PROBLEM REQUIREMENTS:
Lift out, unaltered, the lines of the material below between the line holding "imports Defs" and the line holding "Cauchy: P_m and", counting both.

EXTRACTED INFORMATION:
(* The metric space $(\mathtt{CA},\delta)$ is not complete: there is a Cauchy sequence in $(\mathtt{CA},\delta)$ that does not converge to any element of $\mathtt{CA}$.
   Context: $\Sigma$ is a finite alphabet with $|\Sigma|\ge2$, $N(r)=[-r,r]$. A cellular automaton (CA) is a map $c:\Sigma^\mathbb{Z}\to\Sigma^\mathbb{Z}$ of the form $c(x)_i=F(x_{[i-r,i+r]})$ for a local function $F:\Sigma^{N(r)}\to\Sigma$. $\mathtt{CA}$ is the set of all CA. For $c,d\in\mathtt{CA}$ with common radius $r$, $D^c_d$ is the set of $w\in\Sigma^{N(r)}$ on which the local rules of $c$ and $d$ give different outputs, and $\delta(c,d)=|D^c_d|/|\Sigma|^{2r+1}$ (independent of $r$). *)

theory Defs
  imports "HOL-Library.FuncSet" Complex_Main
begin

type_synonym 'a config = "int \<Rightarrow> 'a"

text \<open>Neighbourhood N(r) = [-r,r] and the patterns on it (Sigma^N(r)),
  represented as extensional functions (undefined outside N(r)).\<close>
definition nbhd :: "nat \<Rightarrow> int set" where
  "nbhd r = {- int r .. int r}"

definition patterns :: "nat \<Rightarrow> (int \<Rightarrow> 'a) set" where
  "patterns r = nbhd r \<rightarrow>\<^sub>E (UNIV :: 'a set)"

definition is_CA_radius :: "nat \<Rightarrow> ('a config \<Rightarrow> 'a config) \<Rightarrow> bool" where
  "is_CA_radius r c \<longleftrightarrow>
     (\<exists>F :: (int \<Rightarrow> 'a) \<Rightarrow> 'a. \<forall>x i.
        c x i = F (\<lambda>j. if j \<in> nbhd r then x (i + j) else undefined))"

definition CA :: "('a config \<Rightarrow> 'a config) set" where
  "CA = {c. \<exists>r. is_CA_radius r c}"

definition local_rule :: "('a config \<Rightarrow> 'a config) \<Rightarrow> (int \<Rightarrow> 'a) \<Rightarrow> 'a" where
  "local_rule c w = c w 0"

definition diff_set :: "nat \<Rightarrow> ('a config \<Rightarrow> 'a config) \<Rightarrow> ('a config \<Rightarrow> 'a config)
    \<Rightarrow> (int \<Rightarrow> 'a) set" where
  "diff_set r c d = {w \<in> patterns r. local_rule c w \<noteq> local_rule d w}"

text \<open>delta(c,d) computed at the least common radius (independent of the radius).\<close>
definition delta :: "('a::finite config \<Rightarrow> 'a config) \<Rightarrow> ('a config \<Rightarrow> 'a config) \<Rightarrow> real" where
  "delta c d = (let r = (LEAST r. is_CA_radius r c \<and> is_CA_radius r d) in
     real (card (diff_set r c d)) / real (card (UNIV :: 'a set)) ^ (2 * r + 1))"

end

theory Submission
  imports Defs
begin

(* Fix two distinct symbols a, b.  The "pointer automaton" P_n scans the odd cells
   1, 3, ..., 2n-1 to the right of the current cell, stops at the first one not
   holding a, and copies the even cell right behind it; if all n scanned cells hold
   a it copies cell 2n+2.  P_n is a CA of radius exactly 2n+2.

   Cauchy: P_m and P_n can only disagree on a pattern whose first min m n odd cells
   all hold a, so delta(P_m, P_n) <= 2^(-min m n).
   No limit: a CA c of radius K cannot see the cell copied by P_n (n >= K) on the
   patterns whose first K odd cells hold a.  Changing that cell by a fixed-point-free
   permutation g is an injection on these patterns under which P_n changes its output
   and c does not, so P_n and c disagree on at least half of them, which gives
   delta(P_n, c) >= 1 / (2 |Sigma|^K) for all n >= K. *)


definition common_radius :: "('a config \<Rightarrow> 'a config) \<Rightarrow> ('a config \<Rightarrow> 'a config) \<Rightarrow> nat" where
  "common_radius c d = (LEAST r. is_CA_radius r c \<and> is_CA_radius r d)"

lemma delta_common_radius:
  fixes c d :: "'a::finite config \<Rightarrow> 'a config"
  shows "delta c d = real (card (diff_set (common_radius c d) c d))
                 / real (card (UNIV :: 'a::finite set)) ^ (2 * common_radius c d + 1)"
  unfolding delta_def common_radius_def Let_def ..

lemma radius_mono:
  assumes "is_CA_radius r c" "r \<le> r'"
  shows "is_CA_radius r' c"
proof -
  obtain F where F: "\<And>x i. c x i = F (\<lambda>j. if j \<in> nbhd r then x (i + j) else undefined)"
    using assms(1) unfolding is_CA_radius_def by blast
  have sub: "nbhd r \<subseteq> nbhd r'" using assms(2) unfolding nbhd_def by auto
  let ?G = "\<lambda>w. F (\<lambda>j. if j \<in> nbhd r then w j else undefined)"
  have factor: "c x i = ?G (\<lambda>j. if j \<in> nbhd r' then x (i + j) else undefined)" for x i
    by (subst F, rule arg_cong[where f = F], rule ext) (use sub in auto)
  show ?thesis unfolding is_CA_radius_def by (intro exI[of _ ?G] allI) (rule factor)
qed

lemma common_radius_is_radius:
  assumes "is_CA_radius r c" "is_CA_radius r' d"
  shows "is_CA_radius (common_radius c d) c \<and> is_CA_radius (common_radius c d) d"
  unfolding common_radius_def
  by (rule LeastI[of _ "max r r'"])
    (use radius_mono[OF assms(1), of "max r r'"] radius_mono[OF assms(2), of "max r r'"] in auto)

lemma CA_reads_nbhd:
  assumes "is_CA_radius r c" "\<And>j. j \<in> nbhd r \<Longrightarrow> x (i + j) = y (i + j)"
  shows "c x i = c y i"
proof -
  obtain F where "\<And>x i. c x i = F (\<lambda>j. if j \<in> nbhd r then x (i + j) else undefined)"
    using assms(1) unfolding is_CA_radius_def by blast
  moreover have "(\<lambda>j. if j \<in> nbhd r then x (i + j) else undefined)
               = (\<lambda>j. if j \<in> nbhd r then y (i + j) else undefined)"
    using assms(2) by auto
  ultimately show ?thesis by metis
qed

lemma finite_patterns: "finite (patterns r :: (int \<Rightarrow> 'a::finite) set)"
  unfolding patterns_def nbhd_def by (intro finite_PiE) auto

lemma card_patterns_fixing:
  fixes a :: "'a::finite"
  assumes "T \<subseteq> nbhd r"
  shows "card {w \<in> patterns r. \<forall>t\<in>T. w t = a} = card (UNIV :: 'a set) ^ (2 * r + 1 - card T)"
proof -
  have fin: "finite (nbhd r)" unfolding nbhd_def by simp
  have "{w \<in> patterns r. \<forall>t\<in>T. w t = a} = PiE (nbhd r) (\<lambda>t. if t \<in> T then {a} else UNIV)"
    using assms unfolding patterns_def by (auto simp: PiE_iff extensional_def split: if_splits)
  then have "card {w \<in> patterns r. \<forall>t\<in>T. w t = a}
             = (\<Prod>t\<in>nbhd r. card (if t \<in> T then {a} else (UNIV :: 'a set)))"
    by (simp add: card_PiE[OF fin])
  also have "\<dots> = (\<Prod>t\<in>nbhd r. if t \<in> T then 1 else card (UNIV :: 'a set))"
    by (rule prod.cong) auto
  also have "\<dots> = card (UNIV :: 'a set) ^ card (nbhd r - T)"
    using fin by (simp add: prod.If_cases Int_absorb1 assms) (metis Diff_eq)
  also have "card (nbhd r - T) = 2 * r + 1 - card T"
    using assms fin by (simp add: card_Diff_subset finite_subset nbhd_def)
  finally show ?thesis .
qed

lemma card_le_double_by_injection:
  assumes "finite E" "finite D" "inj_on \<phi> E" "\<And>w. w \<in> E \<Longrightarrow> w \<in> D \<or> \<phi> w \<in> D"
  shows "card E \<le> 2 * card D"
proof -
  have "card E \<le> card (D \<union> {w \<in> E. \<phi> w \<in> D})"
    using assms(1,2,4) by (intro card_mono) auto
  also have "\<dots> \<le> card D + card {w \<in> E. \<phi> w \<in> D}" by (rule card_Un_le)
  also have "card {w \<in> E. \<phi> w \<in> D} \<le> card D"
    using assms(2,3) by (intro card_inj_on_le[of \<phi>]) (auto intro: inj_on_subset)
  finally show ?thesis by simp
qed

text \<open>Every finite type with at least two elements has a fixed-point-free
  permutation (a cyclic shift of an enumeration).\<close>
lemma fixpoint_free_injection:
  assumes "card (UNIV :: 'a set) \<ge> 2"
  obtains g :: "'a::finite \<Rightarrow> 'a" where "inj g" "\<And>v. g v \<noteq> v"
proof -
  define q where "q = card (UNIV :: 'a set)"
  obtain h :: "'a \<Rightarrow> nat" where h: "bij_betw h UNIV {0..<q}"
    unfolding q_def using ex_bij_betw_finite_nat[of "UNIV :: 'a set"] by auto
  define g where "g v = inv_into UNIV h ((h v + 1) mod q)" for v
  have q2: "q \<ge> 2" using assms q_def by simp
  have hg: "h (g v) = (h v + 1) mod q" for v
    unfolding g_def using q2 by (intro bij_betw_inv_into_right[OF h]) auto
  have hlt: "h v < q" for v using h by (auto simp: bij_betw_def)
  have hinj: "inj h" using h by (auto simp: bij_betw_def)
  have "inj g"
  proof (rule injI)
    fix x y assume "g x = g y"
    then have "(h x + 1) mod q = (h y + 1) mod q" using hg by metis
    then have "h x = h y" using hlt[of x] hlt[of y]
      by (cases "h x + 1 = q"; cases "h y + 1 = q") auto
    then show "x = y" using hinj by (simp add: inj_eq)
  qed
  moreover have "g v \<noteq> v" for v
  proof
    assume "g v = v"
    then have "h v = (h v + 1) mod q" using hg by metis
    then show False using hlt[of v] q2 by (cases "h v + 1 = q") auto
  qed
  ultimately show ?thesis using that by blast
qed


section \<open>The pointer automata\<close>

fun scan :: "'a \<Rightarrow> nat \<Rightarrow> 'a config \<Rightarrow> nat \<Rightarrow> nat" where
  "scan a 0 x j = 2 * j + 2"
| "scan a (Suc n) x j = (if x (int (2 * j + 1)) \<noteq> a then 2 * j + 2 else scan a n x (j + 1))"

definition pointer_CA :: "'a \<Rightarrow> nat \<Rightarrow> 'a config \<Rightarrow> 'a config" where
  "pointer_CA a n x i = x (i + int (scan a n (\<lambda>t. x (i + t)) 0))"

lemma scan_bounds: "2 * j + 2 \<le> scan a n x j \<and> scan a n x j \<le> 2 * (j + n) + 2"
proof (induction n arbitrary: j)
  case (Suc n)
  then show ?case using Suc.IH[of "j + 1"] by auto
qed simp

lemma scan_even: "even (scan a n x j)"
  by (induction n arbitrary: j) auto

lemma scan_local:
  assumes "\<And>i. i < n \<Longrightarrow> x (int (2 * (j + i) + 1)) = y (int (2 * (j + i) + 1))"
  shows "scan a n x j = scan a n y j"
  using assms
proof (induction n arbitrary: j)
  case (Suc n)
  have "scan a n x (j + 1) = scan a n y (j + 1)"
    using Suc.IH[of "j + 1"] Suc.prems[of "Suc _"] by (simp add: algebra_simps)
  then show ?case using Suc.prems[of 0] by simp
qed simp

lemma scan_all_a:
  assumes "\<And>i. i < n \<Longrightarrow> x (int (2 * (j + i) + 1)) = a"
  shows "scan a n x j = 2 * (j + n) + 2"
  using assms
proof (induction n arbitrary: j)
  case (Suc n)
  have "scan a n x (j + 1) = 2 * (j + 1 + n) + 2"
    using Suc.IH[of "j + 1"] Suc.prems[of "Suc _"] by (simp add: algebra_simps)
  then show ?case using Suc.prems[of 0] by simp
qed simp

lemma scan_beyond_prefix:
  assumes "\<And>i. i < K \<Longrightarrow> x (int (2 * (j + i) + 1)) = a" "K \<le> n"
  shows "2 * (j + K) + 2 \<le> scan a n x j"
  using assms
proof (induction n arbitrary: j K)
  case (Suc n)
  show ?case
  proof (cases K)
    case 0
    then show ?thesis using scan_bounds[of j a "Suc n" x] by simp
  next
    case (Suc K')
    have "x (int (2 * (j + 1 + i) + 1)) = a" if "i < K'" for i
      using Suc.prems(1)[of "Suc i"] Suc that by simp
    then have "2 * (j + 1 + K') + 2 \<le> scan a n x (j + 1)"
      using Suc.IH[of K' "j + 1"] Suc.prems Suc by simp
    then show ?thesis using Suc.prems(1)[of 0] Suc by simp
  qed
qed simp

lemma scan_differ:
  assumes "scan a m x j \<noteq> scan a n x j" "i < min m n"
  shows "x (int (2 * (j + i) + 1)) = a"
  using assms
proof (induction m arbitrary: n j i)
  case (Suc m)
  then obtain n' where n: "n = Suc n'" by (cases n) auto
  have e: "x (int (2 * j + 1)) = a" using Suc.prems n by (auto split: if_splits)
  show ?case
  proof (cases i)
    case (Suc i')
    have "scan a m x (j + 1) \<noteq> scan a n' x (j + 1)" using Suc.prems n e by simp
    from Suc.IH[OF this, of i'] Suc.prems Suc n show ?thesis by (simp add: algebra_simps)
  qed (use e in simp)
qed simp

lemma local_rule_pointer_CA: "local_rule (pointer_CA a n) w = w (int (scan a n w 0))"
  by (simp add: local_rule_def pointer_CA_def)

EXERCISE RESULT:
  imports Defs
begin

(* Fix two distinct symbols a, b.  The "pointer automaton" P_n scans the odd cells
   1, 3, ..., 2n-1 to the right of the current cell, stops at the first one not
   holding a, and copies the even cell right behind it; if all n scanned cells hold
   a it copies cell 2n+2.  P_n is a CA of radius exactly 2n+2.

   Cauchy: P_m and P_n can only disagree on a pattern whose first min m n odd cells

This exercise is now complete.